- **What to work on**: The lines to return are those below that contain the word "proof".

- **Material shown**:
text \<open>The first steps from \<open>q\<close> towards \<open>a\<close>, \<open>b\<close> and \<open>d\<close> are three distinct neighbours.\<close>

lemma three_le_deg_in:
  assumes S: "connected_set E S" "S \<subseteq> V" and "a \<in> S" "b \<in> S" "d \<in> S" "q \<notin> {a, b, d}"
    and "q \<in> set (tpath E a b)" "q \<in> set (tpath E a d)" "q \<in> set (tpath E b d)"
  shows "3 \<le> deg_in E S q"
proof -
  have V: "a \<in> V" "b \<in> V" "d \<in> V" using assms(3-5) S(2) by auto
  have "q \<in> S" using assms(7) connected_set_tpath_subset[OF S assms(3,4)] by blast
  then have q: "q \<in> V" "\<And>x. x \<in> S \<Longrightarrow> set (tpath E q x) \<subseteq> S"
    using S(2) connected_set_tpath_subset[OF S] by auto
  obtain na where na: "E q na" "na \<in> set (tpath E q a)" "q \<notin> set (tpath E na a)"
    using tpath_second_vertex[OF q(1) V(1)] assms(6) by auto
  obtain nb where nb: "E q nb" "nb \<in> set (tpath E q b)" "q \<notin> set (tpath E nb b)"
    using tpath_second_vertex[OF q(1) V(2)] assms(6) by auto
  obtain nd where nd: "E q nd" "nd \<in> set (tpath E q d)" "q \<notin> set (tpath E nd d)"
    using tpath_second_vertex[OF q(1) V(3)] assms(6) by auto
  have nV: "na \<in> V" "nb \<in> V" using na nb edge_in_V by auto
  have "na \<noteq> nb" using notin_tpath_via[OF V(1,2) nV(1) na(3)] nb(3) assms(7) by blast
  moreover have "na \<noteq> nd" using notin_tpath_via[OF V(1,3) nV(1) na(3)] nd(3) assms(8) by blast
  moreover have "nb \<noteq> nd" using notin_tpath_via[OF V(2,3) nV(2) nb(3)] nd(3) assms(9) by blast
  ultimately have "card {na, nb, nd} = 3" by simp
  moreover have "{na, nb, nd} \<subseteq> {w \<in> S. E q w}"
    using na nb nd q(2) assms(3-5) by blast
  moreover have "finite {w \<in> S. E q w}" using finite_subset[OF _ finite_V] S(2) by auto
  ultimately show ?thesis unfolding deg_in_def by (metis card_mono)
qed

subsection \<open>Components of \<open>EZ E Z\<close>\<close>

lemma notin_tpath_if_reach_in_EZ:
  assumes "S \<subseteq> V" "p \<in> Z" "x \<in> Z \<inter> S - {p}" "reach_in (EZ E Z) (Z \<inter> S - {p}) x y"
  shows "p \<notin> set (tpath E x y)"
  using assms(4)
proof (induction rule: reach_in_induct)
  case base
  show ?case using assms(1,3) by (auto simp: tpath_refl)
next
  case (step y z)
  have V: "x \<in> V" "y \<in> V" "z \<in> V" using assms(1,3) step.hyps(2,3) by auto
  have "Pint E y z \<inter> Z = {}" using step.hyps(4) unfolding EZ_def by blast
  then have "p \<notin> set (tpath E y z)" using assms(2) step.hyps(2,3) unfolding Pint_def by auto
  then show ?case using set_tpath_triangle[OF V] step.IH by blast
qed

lemma reach_in_EZ_if_notin_tpath:
  assumes "connected_set E S" "S \<subseteq> V" "p \<in> Z"
  shows "x \<in> Z \<inter> S - {p} \<Longrightarrow> y \<in> Z \<inter> S - {p} \<Longrightarrow> p \<notin> set (tpath E x y) \<Longrightarrow>
    reach_in (EZ E Z) (Z \<inter> S - {p}) x y"
proof (induction "length (tpath E x y)" arbitrary: x y rule: less_induct)
  case less
  have V: "x \<in> V" "y \<in> V" using less.prems assms by auto
  show ?case
  proof (cases "x = y \<or> Pint E x y \<inter> Z = {}")
    case True
    then consider "x = y" | "EZ E Z x y" using less.prems unfolding EZ_def by blast
    then show ?thesis
    proof cases
      case 1
      then show ?thesis by (simp add: reach_in_refl)
    next
      case 2
      then show ?thesis using less.prems by (intro reach_in_ConsI[OF _ _ _ reach_in_refl])
    qed
  next
    case False
    then obtain z where z: "z \<in> set (tpath E x y)" "z \<noteq> x" "z \<noteq> y" "z \<in> Z"
      unfolding Pint_def by auto
    have "z \<in> Z \<inter> S - {p}"
      using connected_set_tpath_subset[OF assms(1,2)] less.prems z by blast
    moreover have "p \<notin> set (tpath E x z)" "p \<notin> set (tpath E z y)"
      using set_tpath_split[OF V z(1)] less.prems by auto
    moreover have "length (tpath E x z) < length (tpath E x y)"
      "length (tpath E z y) < length (tpath E x y)"
      using length_tpath_prefix_less[OF V z(1,3)] length_tpath_suffix_less[OF V z(1,2)] .
    ultimately have "reach_in (EZ E Z) (Z \<inter> S - {p}) x z" "reach_in (EZ E Z) (Z \<inter> S - {p}) z y"
      using less.hyps less.prems by simp_all
    then show ?thesis by (rule reach_in_trans)
  qed
qed

lemma comps_EZ_Diff:
  assumes "connected_set E S" "S \<subseteq> V" "p \<in> Z" "Q \<in> comps (EZ E Z) (Z \<inter> S - {p})"
  obtains x where "x \<in> Z \<inter> S - {p}" "Q = {y \<in> Z \<inter> S - {p}. p \<notin> set (tpath E x y)}"
proof -
  obtain x where x: "x \<in> Z \<inter> S - {p}"
    "Q = {y \<in> Z \<inter> S - {p}. reach_in (EZ E Z) (Z \<inter> S - {p}) x y}"
    using assms(4) unfolding comps_def by blast
  have "Q = {y \<in> Z \<inter> S - {p}. p \<notin> set (tpath E x y)}"
    unfolding x(2) using notin_tpath_if_reach_in_EZ[OF assms(2,3) x(1)]
      reach_in_EZ_if_notin_tpath[OF assms(1-3) x(1)] by blast
  then show ?thesis using that x(1) by blast
qed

- **Answer to the exercise**:
proof -
proof (induction rule: reach_in_induct)
proof (induction "length (tpath E x y)" arbitrary: x y rule: less_induct)
  proof (cases "x = y \<or> Pint E x y \<inter> Z = {}")
    proof cases
proof -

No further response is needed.